Draws are the hardest outcome to predict for any probabilistic model of football, and this one is no exception. The bivariate Poisson with Dixon-Coles correction improves draw calibration against a naive independent Poisson, but the model's average draw probability (~26%) still slightly underestimates the EPL's actual draw rate. The structural reason is that draws emerge from match dynamics - tactical adjustments, defensive shape after going ahead - that no pre-match model can capture. Treat draw probabilities as directionally useful rather than precisely calibrated.

Early season (GW1–GW6)

The form component of team ratings is computed from the last 20 matches. At the start of a new season, the current-season sample is small and the model leans heavily on historical data that may now be stale - squads change significantly in the summer transfer window. Predictions in the opening six gameweeks carry meaningfully more variance than the rest of the season, and the backtest metrics above should not be assumed to hold equally across all gameweeks. The walk-forward methodology mitigates this, but cannot eliminate it.

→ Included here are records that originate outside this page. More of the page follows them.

lemma Gamma_even_window:
  assumes "0 \<le> t" "t \<le> 4 * (int n)\<^sup>2"
  shows "72 * (int n)\<^sup>2 + 2 * t \<in> Gamma n"
proof -
  obtain a b c d where t: "t = a\<^sup>2 + b\<^sup>2 + c\<^sup>2 + d\<^sup>2"
    using lagrange_four_squares[OF assms(1)] unfolding sum_of_four_squares_def by blast
  have bounded: "\<bar>z\<bar> \<le> 2 * int n" if "z\<^sup>2 \<le> t" for z
  proof -
    have "z\<^sup>2 \<le> (2 * int n)\<^sup>2"
      using that assms(2) by (simp add: power_mult_distrib)
    then show ?thesis
      using abs_le_square_iff[of z "2 * int n"] by simp
  qed
  have "\<bar>a\<bar> \<le> 2 * int n" "\<bar>b\<bar> \<le> 2 * int n" "\<bar>c\<bar> \<le> 2 * int n" "\<bar>d\<bar> \<le> 2 * int n"
    using t by (intro bounded; simp)+
  then have "(18 * (int n)\<^sup>2 + 2 * a\<^sup>2) + (18 * (int n)\<^sup>2 + 2 * b\<^sup>2) +
      (18 * (int n)\<^sup>2 + 2 * c\<^sup>2) + (18 * (int n)\<^sup>2 + 2 * d\<^sup>2) \<in> Gamma n"
    by (intro Gamma_add Gamma_symmetric_pair)
  moreover have "(18 * (int n)\<^sup>2 + 2 * a\<^sup>2) + (18 * (int n)\<^sup>2 + 2 * b\<^sup>2) +
      (18 * (int n)\<^sup>2 + 2 * c\<^sup>2) + (18 * (int n)\<^sup>2 + 2 * d\<^sup>2) = 72 * (int n)\<^sup>2 + 2 * t"
    using t by simp
  ultimately show ?thesis
    by simp
qed

lemma Gamma_even_large:
  assumes "0 < n" "even m" "72 * (int n)\<^sup>2 \<le> m"
  shows "m \<in> Gamma n"
proof -
  define N where "N = (int n)\<^sup>2"
  obtain u where "m = 2 * u"
    using \<open>even m\<close> by blast
  define t where "t = u - 36 * N"
  have t: "m = 72 * N + 2 * t"
    using \<open>m = 2 * u\<close> unfolding t_def by simp
  have "0 < N"
    using assms(1) unfolding N_def by simp
  have "0 \<le> t"
    using assms(3) t unfolding N_def by simp
  have "0 \<le> t mod N" "t mod N \<le> 4 * N"
    using \<open>0 < N\<close> pos_mod_sign[of N t] pos_mod_bound[of N t] by linarith+
  then have window: "72 * N + 2 * (t mod N) \<in> Gamma n"
    using Gamma_even_window[of "t mod N" n] unfolding N_def by blast
  have "0 \<le> 2 * (t div N)"
    using \<open>0 < N\<close> \<open>0 \<le> t\<close> by (simp add: pos_imp_zdiv_nonneg_iff)
  then have multiple: "2 * (t div N) * N \<in> Gamma n"
    using Gamma_mult_square unfolding N_def by blast
  have "m = (72 * N + 2 * (t mod N)) + 2 * (t div N) * N"
    using t div_mult_mod_eq[of t N] unfolding mult.assoc by linarith
  then show ?thesis
    using Gamma_add[OF window multiple] by simp
qed

lemma Gamma_large:
  assumes "0 < n" "77 * (int n)\<^sup>2 \<le> m"
  shows "m \<in> Gamma n"
proof (cases "even m")
  case True
  with assms show ?thesis
    using zero_le_power2[of "int n"] by (intro Gamma_even_large) linarith+
next
  case False
  define w where "w = (int n)\<^sup>2 + (int n + 1)\<^sup>2"
  have "w \<in> Gamma n"
    unfolding w_def by (intro Gamma_add Gamma_square) simp_all
  have "(int n + 1)\<^sup>2 \<le> (2 * int n)\<^sup>2"
    using assms(1) by (intro power_mono) auto
  then have "w = 2 * ((int n)\<^sup>2 + int n) + 1" "w \<le> 5 * (int n)\<^sup>2"
    unfolding w_def by (simp_all add: power2_eq_square algebra_simps)
  then have "m - w \<in> Gamma n"
    using False assms by (intro Gamma_even_large) auto
  with \<open>w \<in> Gamma n\<close> show ?thesis
    using Gamma_add by fastforce
qed

lemma Frob_less:
  assumes "0 \<le> B" "\<And>m. B \<le> m \<Longrightarrow> m \<in> S"
  shows "Frob S < B"
proof -
  let ?G = "{m::int. 0 \<le> m \<and> m \<notin> S}"
  have sub: "?G \<subseteq> {0..<B}"
    using assms(2) by (auto simp: not_le[symmetric])
  show ?thesis
  proof (cases "?G = {}")
    case True
    then have "Frob S = -1"
      unfolding Frob_def by (rule if_P)
    with assms(1) show ?thesis
      by simp
  next
    case False
    have "finite ?G"
      using sub by (rule finite_subset) simp
    with False sub have "Max ?G < B"
      using Max_in[of ?G] by auto
    moreover have "Frob S = Max ?G"
      unfolding Frob_def using False by (rule if_not_P)
    ultimately show ?thesis
      by simp
  qed
qed

theorem theorem1:
  shows "\<exists>C::real. C > 0 \<and> (\<forall>n::nat. n \<ge> 1 \<longrightarrow> real_of_int (Frob (Gamma n)) \<le> C * (real n)^2)"
proof (intro exI[of _ 77] conjI allI impI)
  fix n :: nat
  assume "n \<ge> 1"
  then have "Frob (Gamma n) < 77 * (int n)\<^sup>2"
    using Gamma_large by (intro Frob_less) auto
  then have "real_of_int (Frob (Gamma n)) < real_of_int (77 * (int n)\<^sup>2)"
    by (simp only: of_int_less_iff)
  then show "real_of_int (Frob (Gamma n)) \<le> 77 * (real n)^2"
    by simp
qed simp

end
text \<open>Admissible ordered partition of [n] given as a list of parts (a representative
  of a cyclically ordered partition).\<close>
definition admissible :: "(nat \<Rightarrow> real) \<Rightarrow> nat \<Rightarrow> nat set list \<Rightarrow> bool" where
  "admissible l n ps \<longleftrightarrow> (\<forall>A\<in>set ps. A \<noteq> {} \<and> short l n A)
     \<and> (\<forall>i<length ps. \<forall>j<length ps. i \<noteq> j \<longrightarrow> ps!i \<inter> ps!j = {})
     \<and> \<Union>(set ps) = {1..n}"

definition cyc_eq :: "'a list \<Rightarrow> 'a list \<Rightarrow> bool" where
  "cyc_eq xs ys \<longleftrightarrow> (\<exists>k. ys = rotate k xs)"

text \<open>Vertices of Gamma(L): admissible cyclically ordered 3-partitions.\<close>
definition gvertex :: "(nat \<Rightarrow> real) \<Rightarrow> nat \<Rightarrow> nat set list \<Rightarrow> bool" where
  "gvertex l n v \<longleftrightarrow> length v = 3 \<and> admissible l n v"

definition merges :: "nat set list \<Rightarrow> nat set list set" where
  "merges e = {[e!0 \<union> e!1, e!2, e!3], [e!0, e!1 \<union> e!2, e!3],
               [e!0, e!1, e!2 \<union> e!3], [e!3 \<union> e!0, e!1, e!2]}"

text \<open>An edge (admissible cyclically ordered 4-partition e) joins v and w if v and w
  are (up to cyclic shift) two distinct admissible merges of e.\<close>
definition gadj :: "(nat \<Rightarrow> real) \<Rightarrow> nat \<Rightarrow> nat set list \<Rightarrow> nat set list \<Rightarrow> bool" where
  "gadj l n v w \<longleftrightarrow> gvertex l n v \<and> gvertex l n w \<and> \<not> cyc_eq v w \<and>
     (\<exists>e. length e = 4 \<and> admissible l n e \<and>
        (\<exists>p\<in>merges e. \<exists>q\<in>merges e. cyc_eq p v \<and> cyc_eq q w))"

text \<open>A path of length k from v to w: a list of k+1 vertices with consecutive ones
  adjacent; endpoints are compared up to cyclic shift.\<close>
definition gpath :: "(nat \<Rightarrow> real) \<Rightarrow> nat \<Rightarrow> nat set list list \<Rightarrow> bool" where
  "gpath l n ps \<longleftrightarrow> ps \<noteq> [] \<and> (\<forall>i. Suc i < length ps \<longrightarrow> gadj l n (ps!i) (ps!Suc i))
      \<and> (\<forall>p\<in>set ps. gvertex l n p)"

definition mirror :: "nat set list \<Rightarrow> nat set list" where
  "mirror v = [v!1, v!0, v!2]"

end

theory Submission
  imports Defs
begin

text \<open>Rotate a vertex so that the longest link \<open>a\<close> lies in its first part \<open>I\<close>; up to rotation
  the mirror image of \<open>(I, J, K)\<close> is \<open>(I, K, J)\<close>. Let \<open>r = |L|/2 - \<Sum>I\<close> be the room left
  in \<open>I\<close> and \<open>x\<close>, \<open>y\<close> the longest links of \<open>J\<close>, \<open>K\<close>. Three moves exchange \<open>J\<close> and \<open>K\<close>
  around a single link \<open>x\<close> as soon as \<open>x \<union> K\<close> and \<open>(J - x) \<union> K\<close> are short, i.e. when both
  \<open>l x\<close> and \<open>\<Sum>(J - x)\<close> exceed \<open>r\<close>. Otherwise one first moves a set \<open>S \<subseteq> J\<close> into \<open>I\<close>,
  which lowers \<open>r\<close>, and moves it back at the end: if \<open>\<Sum>(J - x) > r\<close> a suitable \<open>S\<close> is
  found greedily among links not longer than \<open>x\<close>; if not, \<open>S = J - x\<close> works with \<open>y\<close> in the
  role of \<open>x\<close>, because \<open>l x + l y < |L|/2\<close> by the hypothesis \<open>l b + l c < |L|/2\<close>. Genericity
  makes all comparisons with \<open>|L|/2\<close> strict, and comparing part sums shows that one of these
  cases, or its counterpart with \<open>J\<close> and \<open>K\<close> exchanged, always applies. The walks found have
  at most five edges.\<close>

lemma gvertex3_iff:
  "gvertex l n [A, B, C] \<longleftrightarrow>
     A \<noteq> {} \<and> B \<noteq> {} \<and> C \<noteq> {} \<and> short l n A \<and> short l n B \<and> short l n C \<and>
     A \<inter> B = {} \<and> A \<inter> C = {} \<and> B \<inter> C = {} \<and> A \<union> B \<union> C = {1..n}"
  unfolding gvertex_def admissible_def
  by (simp add: numeral_3_eq_3 less_Suc_eq conj_disj_distribR all_conj_distrib Int_commute) blast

What this means for the backtest numbers

The performance metrics above are real and have not been cherry-picked - they reflect the full 2024/25 season under walk-forward conditions with no future data. But they are averages. The model performs best on mid-table fixtures between established sides with stable squads and no European distraction, and worst on promoted sides, rotation-heavy periods in November–March, and matches immediately following a manager change. If you are using the model's output for any purpose that requires you to understand its distributional accuracy rather than its average accuracy, those caveats matter.